If you’re considering buying a policy that has a PPO factor, then you definitely need to understand what this means. Insurance that uses PPO refers to a health plan that gives you the permission to use a physician that is not only in the insurance company’s approved network of physicians, but you can also visit physicians that are out of network, and it also means you can visit specialists, hospitals, and medical facilities without having to utilize a referral system. It’s more common to find healthcare physicians that accept PPO insurance than it is to find one that accepts HMO insurance plans. Of course, there’s also a difference in the price, and this can depend greatly on whether you have insurance under a group health insurance plan or if you have an individual health insurance plan. If you’re covered under a group insurance plan, you’re typically looking at a higher premium for PPO policies than you are with HMOs. If you have individual health insurance policy, an HMO plan is cheaper than a PPO plan however.
When you go to a physician, specialist, medical professional, hospital, or other medical facility, then you’ll be responsible for making a co0payment, which is the amount you’re responsible for paying as defined on your health insurance policy, and generally it’s a percentage although it can be a stated amount. Having to make a co-payment is necessary regardless of what you’re visiting a healthcare professional for: whether it’s a simple visit, to have blood work done, for X-rays, and things such as an ER visit or trip to specialist. The amount of a co-pay for different offices, such as a general physician versus a specialist, usually differs and is defined on your insurance policy.
Once you’ve chosen a medical plan, you’ll have a wide variety of options to choose from when it comes to a deductible amount. If you understand how auto insurance deductible works, then you already have an understanding of how deductibles work. Typically deductibles range from the lower price of $250 but can go all the way up as $8,000, and this is the amount you’re responsible for paying for medical services you’ve received before the insurance company you have health insurance through will pay for anything. If you haven’t met your deductible amount, then you have to pay the entire medical bill, but it will be 100 percent of what’s called a negotiable rate, which means you’re not paying as though you don’t have insurance, but instead the negotiated rate is listed on your policy and is agreed on by your medical provider and your insurance company.

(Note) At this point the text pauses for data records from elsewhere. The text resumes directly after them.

lemma DirProd_inl_group_hom:
  "group A \<Longrightarrow> group B \<Longrightarrow> group_hom A (A \<times>\<times> B) (\<lambda>x. (x, \<one>\<^bsub>B\<^esub>))"
  by (auto intro!: group_hom.intro group_hom_axioms.intro DirProd_group
      simp: hom_def group.is_monoid)

lemma DirProd_inr_group_hom:
  "group A \<Longrightarrow> group B \<Longrightarrow> group_hom B (A \<times>\<times> B) (\<lambda>y. (\<one>\<^bsub>A\<^esub>, y))"
  by (auto intro!: group_hom.intro group_hom_axioms.intro DirProd_group
      simp: hom_def group.is_monoid)

lemma generate_DirProd_Times:
  assumes A: "group A" and B: "group B" and S: "S \<subseteq> carrier A" and T: "T \<subseteq> carrier B"
  shows "generate (A \<times>\<times> B) (S \<times> {\<one>\<^bsub>B\<^esub>} \<union> {\<one>\<^bsub>A\<^esub>} \<times> T) = generate A S \<times> generate B T"
    (is "generate _ ?U = _")
proof
  interpret A: group A by (rule A)
  interpret B: group B by (rule B)
  interpret AB: group "A \<times>\<times> B" by (rule DirProd_group[OF A B])
  show "generate (A \<times>\<times> B) ?U \<subseteq> generate A S \<times> generate B T"
  proof (rule AB.generate_subgroup_incl)
    show "?U \<subseteq> generate A S \<times> generate B T"
      by (auto intro: generate.incl generate.one)
    show "subgroup (generate A S \<times> generate B T) (A \<times>\<times> B)"
      by (rule DirProd_subgroups[OF A A.generate_is_subgroup[OF S] B B.generate_is_subgroup[OF T]])
  qed
  show "generate A S \<times> generate B T \<subseteq> generate (A \<times>\<times> B) ?U"
  proof clarify
    fix a b assume a: "a \<in> generate A S" and b: "b \<in> generate B T"
    interpret inl: group_hom A "A \<times>\<times> B" "\<lambda>x. (x, \<one>\<^bsub>B\<^esub>)"
      by (rule DirProd_inl_group_hom[OF A B])
    interpret inr: group_hom B "A \<times>\<times> B" "\<lambda>y. (\<one>\<^bsub>A\<^esub>, y)"
      by (rule DirProd_inr_group_hom[OF A B])
    have "(\<lambda>x. (x, \<one>\<^bsub>B\<^esub>)) ` S = S \<times> {\<one>\<^bsub>B\<^esub>}" by auto
    then have "(a, \<one>\<^bsub>B\<^esub>) \<in> generate (A \<times>\<times> B) (S \<times> {\<one>\<^bsub>B\<^esub>})"
      using inl.generate_img[OF S] a by auto
    then have a1: "(a, \<one>\<^bsub>B\<^esub>) \<in> generate (A \<times>\<times> B) ?U"
      using AB.mono_generate[of "S \<times> {\<one>\<^bsub>B\<^esub>}" ?U] by blast
    have "(\<lambda>y. (\<one>\<^bsub>A\<^esub>, y)) ` T = {\<one>\<^bsub>A\<^esub>} \<times> T" by auto
    then have "(\<one>\<^bsub>A\<^esub>, b) \<in> generate (A \<times>\<times> B) ({\<one>\<^bsub>A\<^esub>} \<times> T)"
      using inr.generate_img[OF T] b by auto
    then have b1: "(\<one>\<^bsub>A\<^esub>, b) \<in> generate (A \<times>\<times> B) ?U"
      using AB.mono_generate[of "{\<one>\<^bsub>A\<^esub>} \<times> T" ?U] by blast
    have "(a, b) = (a, \<one>\<^bsub>B\<^esub>) \<otimes>\<^bsub>A \<times>\<times> B\<^esub> (\<one>\<^bsub>A\<^esub>, b)"
      using A.generate_incl[OF S] B.generate_incl[OF T] a b by auto
    then show "(a, b) \<in> generate (A \<times>\<times> B) ?U"
      using generate.eng[OF a1 b1] by simp
  qed
qed
(* Call-by-value coupled logical bisimilarity coincides with the contextual equivalences: $(\approx^v_1,\approx^v_2)=(\simeq^v,\cong^v)$. In particular $(\simeq^v,\cong^v)$ is itself a call-by-value coupled logical bisimulation, and $\approx^v_1=\simeq^v=\cong^v=\approx^v_2$.
   Context: $\Lambda^\bullet$ is the set of closed $\lambda$-terms; values are closed abstractions. Call-by-value reduction on closed terms: $MN\longrightarrow MN'$ if $N\longrightarrow N'$; $MV\longrightarrow M'V$ if $M\longrightarrow M'$ and $V$ is a value; $(\lambda x.P)V\longrightarrow P[V/x]$ if $V$ is a value; $\Longrightarrow$ is the reflexive transitive closure; $M{\Downarrow}$ means $M\Longrightarrow V$ for some value $V$. Contexts are generated by $C::=x\mid[\cdot]\mid C\,C\mid\lambda x.C$, possibly with several holes numbered left to right; $C[\widetilde M]$ fills the $i$-th hole with $M_i$; $C[M]$ fills every hole with $M$. For $\mathcal{R}\subseteq\Lambda^\bullet\times\Lambda^\bullet$, $\mathcal{R}^\star=\{(C[\widetilde M],C[\widetilde N]) : C\text{ a context},\ M_i\,\mathcal{R}\,N_i\ \forall i,\ C[\widetilde M],C[\widetilde N]\in\Lambda^\bullet\}$. $M\simeq^v N$ iff for all contexts $C$ with $C[M],C[N]$ closed, $C[M]{\Downarrow}\iff C[N]{\Downarrow}$. Call-by-value evaluation contexts: $\mathcal{E}::=[\cdot]\mid M\,\mathcal{E}\mid\mathcal{E}\,V$ ($M\in\Lambda^\bullet$, $V$ a value); $M\cong^v N$ iff for all $\mathcal{E}$, $\mathcal{E}[M]{\Downarrow}\iff\mathcal{E}[N]{\Downarrow}$. A coupled relation is a pair $(\mathcal{R}_1,\mathcal{R}_2)$ of relations on $\Lambda^\bullet$ with $\mathcal{R}_1\subseteq\mathcal{R}_2$. It is a call-by-value coupled logical bisimulation if whenever $M\,\mathcal{R}_2\,N$: (1) if $M\longrightarrow M'$ then there is $N'$ with $N\Longrightarrow N'$ and $M'\,\mathcal{R}_2\,N'$; (2) if $M=\lambda x.M'$ then $N\Longrightarrow\lambda x.N'$ for some $N'$, $\lambda x.M'\,\mathcal{R}_1\,\lambda x.N'$, and for all values $P,Q$ with $P\,\mathcal{R}_1^\star\,Q$, $M'[P/x]\,\mathcal{R}_2\,N'[Q/x]$; (3) the converses of (1),(2) with $M$ and $N$ exchanged. $(\approx^v_1,\approx^v_2)$ is the componentwise union of all call-by-value coupled logical bisimulations. *)

theory Defs
  imports Main
begin

datatype trm = Var nat | App trm trm | Lam trm

fun closedn :: "nat \<Rightarrow> trm \<Rightarrow> bool" where
  "closedn k (Var i) = (i < k)"
| "closedn k (App M N) = (closedn k M \<and> closedn k N)"
| "closedn k (Lam M) = closedn (Suc k) M"

definition closed :: "trm \<Rightarrow> bool" where
  "closed M = closedn 0 M"

text \<open>Substitution of a closed term P for index k (no lifting needed as P is closed).\<close>
fun subst :: "trm \<Rightarrow> nat \<Rightarrow> trm \<Rightarrow> trm" where
  "subst (Var i) k P = (if i < k then Var i else if i = k then P else Var (i - 1))"
| "subst (App M N) k P = App (subst M k P) (subst N k P)"
| "subst (Lam M) k P = Lam (subst M (Suc k) P)"

definition is_value :: "trm \<Rightarrow> bool" where
  "is_value M = (\<exists>P. M = Lam P)"
section \<open>Sections of the target set\<close>

lemma measurable_restrict_override:
  fixes n i :: nat
  shows "(\<lambda>s. \<lambda>j\<in>{1..<n}. if j < i then a j else s j)
    \<in> measurable (PiM {i..<n} (\<lambda>_. lborel)) (PiM {1..<n} (\<lambda>_. borel))"
proof (rule measurable_restrict)
  fix j assume j: "j \<in> {1..<n}"
  show "(\<lambda>s. if j < i then a j else s j) \<in> borel_measurable (PiM {i..<n} (\<lambda>_. lborel))"
  proof (cases "j < i")
    case False
    then have "j \<in> {i..<n}" using j by auto
    then have "(\<lambda>s. s j) \<in> measurable (PiM {i..<n} (\<lambda>_. lborel)) lborel"
      by (rule measurable_component_singleton)
    then show ?thesis using False by simp
  qed simp
qed

lemma measurable_restrict_override_point:
  fixes n i :: nat
  shows "(\<lambda>(t, s). \<lambda>j\<in>{1..<n}. if j < i then a j else if j = i then t else s j)
    \<in> measurable (lborel \<Otimes>\<^sub>M PiM {Suc i..<n} (\<lambda>_. lborel)) (PiM {1..<n} (\<lambda>_. borel))"
proof -
  have "(\<lambda>ts. \<lambda>j\<in>{1..<n}. if j < i then a j else if j = i then fst ts else snd ts j)
     \<in> measurable (lborel \<Otimes>\<^sub>M PiM {Suc i..<n} (\<lambda>_. lborel)) (PiM {1..<n} (\<lambda>_. borel))"
  proof (rule measurable_restrict)
    fix j assume j: "j \<in> {1..<n}"
    consider "j < i" | "j = i" | "j \<in> {Suc i..<n}" using j by fastforce
    then show "(\<lambda>ts. if j < i then a j else if j = i then fst ts else snd ts j)
      \<in> borel_measurable (lborel \<Otimes>\<^sub>M PiM {Suc i..<n} (\<lambda>_. lborel))"
    proof cases
      case 3
      then have "(\<lambda>s. s j) \<in> measurable (PiM {Suc i..<n} (\<lambda>_. lborel)) lborel"
        by (rule measurable_component_singleton)
      then have "(\<lambda>ts. snd ts j) \<in> measurable (lborel \<Otimes>\<^sub>M PiM {Suc i..<n} (\<lambda>_. lborel)) lborel"
        by (rule measurable_compose[OF measurable_snd])
      then show ?thesis using 3 by simp
    qed simp_all
  qed
  then show ?thesis by (simp add: case_prod_beta')
qed
(* Let $\boldsymbol\beta$ be ERGM parameters, $m_n\to\infty$ with $\binom{m_n}{2}=o(\log n)$, and let $\mathcal{G}_{n,1},\dots,\mathcal{G}_{n,n}$ be i.i.d. from $\mathbb{P}_{\boldsymbol\beta}$ on $m_n$ vertices. For a graph $G$ on $m_n$ vertices let $p_{\boldsymbol\beta}(G)=\mathbb{P}_{\boldsymbol\beta}(G)$ and $X_{i,G}=\mathbf{1}(\mathcal{G}_{n,i}=G)/p_{\boldsymbol\beta}(G)$. Then for every $\epsilon>0$, \[\mathbb{P}\Big(\sup_{G}\Big|\frac1n\sum_{i=1}^nX_{i,G}-1\Big|>\frac{\epsilon}{m_n}\Big)\to0,\] the supremum being over all simple graphs $G$ on vertex set $\{1,\dots,m_n\}$.
   Context: ERGM: $\mathbb{P}_{\boldsymbol\beta}(G)=Z_N(\boldsymbol\beta)^{-1}\exp\{N^2\sum_{k=1}^K\beta_kt(T_k,G)\}$ on simple graphs with vertex set $\{1,\dots,N\}$, where $T_1$ is a single edge, $T_2,\dots,T_K$ are fixed graphs with at least two edges, $\boldsymbol\beta\in\mathbb{R}^K$, and $t(T,G)=\mathrm{hom}(T,G)/N^{v(T)}$ with $\mathrm{hom}$ counting edge-preserving maps $V(T)\to V(G)$. *)

theory Defs
  imports "HOL-Analysis.Analysis" "HOL-Library.FuncSet" "HOL-Library.Landau_Symbols"
begin

definition simple_graph :: "'a set \<Rightarrow> 'a set set \<Rightarrow> bool" where
  "simple_graph V E \<longleftrightarrow> finite V \<and> (\<forall>e\<in>E. e \<subseteq> V \<and> card e = 2)"

definition graphs_on :: "nat \<Rightarrow> nat set set set" where
  "graphs_on N = {E. simple_graph {1..N} E}"

definition hom_count :: "nat set \<times> nat set set \<Rightarrow> nat \<Rightarrow> nat set set \<Rightarrow> nat" where
  "hom_count T N G = card {\<phi> \<in> fst T \<rightarrow>\<^sub>E {1..N}. \<forall>e\<in>snd T. \<phi> ` e \<in> G}"

definition hom_density :: "nat set \<times> nat set set \<Rightarrow> nat \<Rightarrow> nat set set \<Rightarrow> real" where
  "hom_density T N G = real (hom_count T N G) / real N ^ card (fst T)"

definition ergm_weight :: "nat \<Rightarrow> (nat \<Rightarrow> real) \<Rightarrow> (nat \<Rightarrow> nat set \<times> nat set set) \<Rightarrow> nat \<Rightarrow> nat set set \<Rightarrow> real" where
  "ergm_weight K \<beta> T N G = exp (real N ^ 2 * (\<Sum>k=1..K. \<beta> k * hom_density (T k) N G))"

definition ergm_prob :: "nat \<Rightarrow> (nat \<Rightarrow> real) \<Rightarrow> (nat \<Rightarrow> nat set \<times> nat set set) \<Rightarrow> nat \<Rightarrow> nat set set \<Rightarrow> real" where
  "ergm_prob K \<beta> T N G = ergm_weight K \<beta> T N G / (\<Sum>H\<in>graphs_on N. ergm_weight K \<beta> T N H)"

definition iid_prob :: "nat \<Rightarrow> (nat \<Rightarrow> real) \<Rightarrow> (nat \<Rightarrow> nat set \<times> nat set set) \<Rightarrow> nat \<Rightarrow> nat
    \<Rightarrow> ((nat \<Rightarrow> nat set set) \<Rightarrow> bool) \<Rightarrow> real" where
  "iid_prob K \<beta> T N n P =
     (\<Sum>s\<in>{1..n} \<rightarrow>\<^sub>E graphs_on N. if P s then (\<Prod>i=1..n. ergm_prob K \<beta> T N (s i)) else 0)"

definition X_stat :: "nat \<Rightarrow> (nat \<Rightarrow> real) \<Rightarrow> (nat \<Rightarrow> nat set \<times> nat set set) \<Rightarrow> nat
    \<Rightarrow> (nat \<Rightarrow> nat set set) \<Rightarrow> nat \<Rightarrow> nat set set \<Rightarrow> real" where
  "X_stat K \<beta> T N s i G = (if s i = G then 1 else 0) / ergm_prob K \<beta> T N G"

end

Any kind of health insurance plan you get will have what’s called a Co-pay limit, stop-loss, or maximum out of pocket limit defined on your policy which states the maximum amount that you have to pay out of your own pocket. A majority of the time – the time-frame is defined in a stated time period, such as a calendar year or lifetime. For example, your policy may say that if you have paid for $500,000 towards medical bills, then you won’t be responsible for paying anymore than that and your insurer will pay for the rest for the duration of that stated time period.
As opposed to a PPO insurance policy, this kind of insurance assigns you to a specific primary physician that will be the one responsible for your medical needs. A primary physician can refer you to other physicians and specialists as needed, and traditionally, co-pays for an HMO plan are cheaper than on a PPO plan.
Once you understand how health insurance works, you’ll be able to make an informed decision. Talk with your insurance agent to find what works best for you, and also consider how much you’re willing to pay out of pocket and if the plan you choose will allow you to visit your preferred doctor.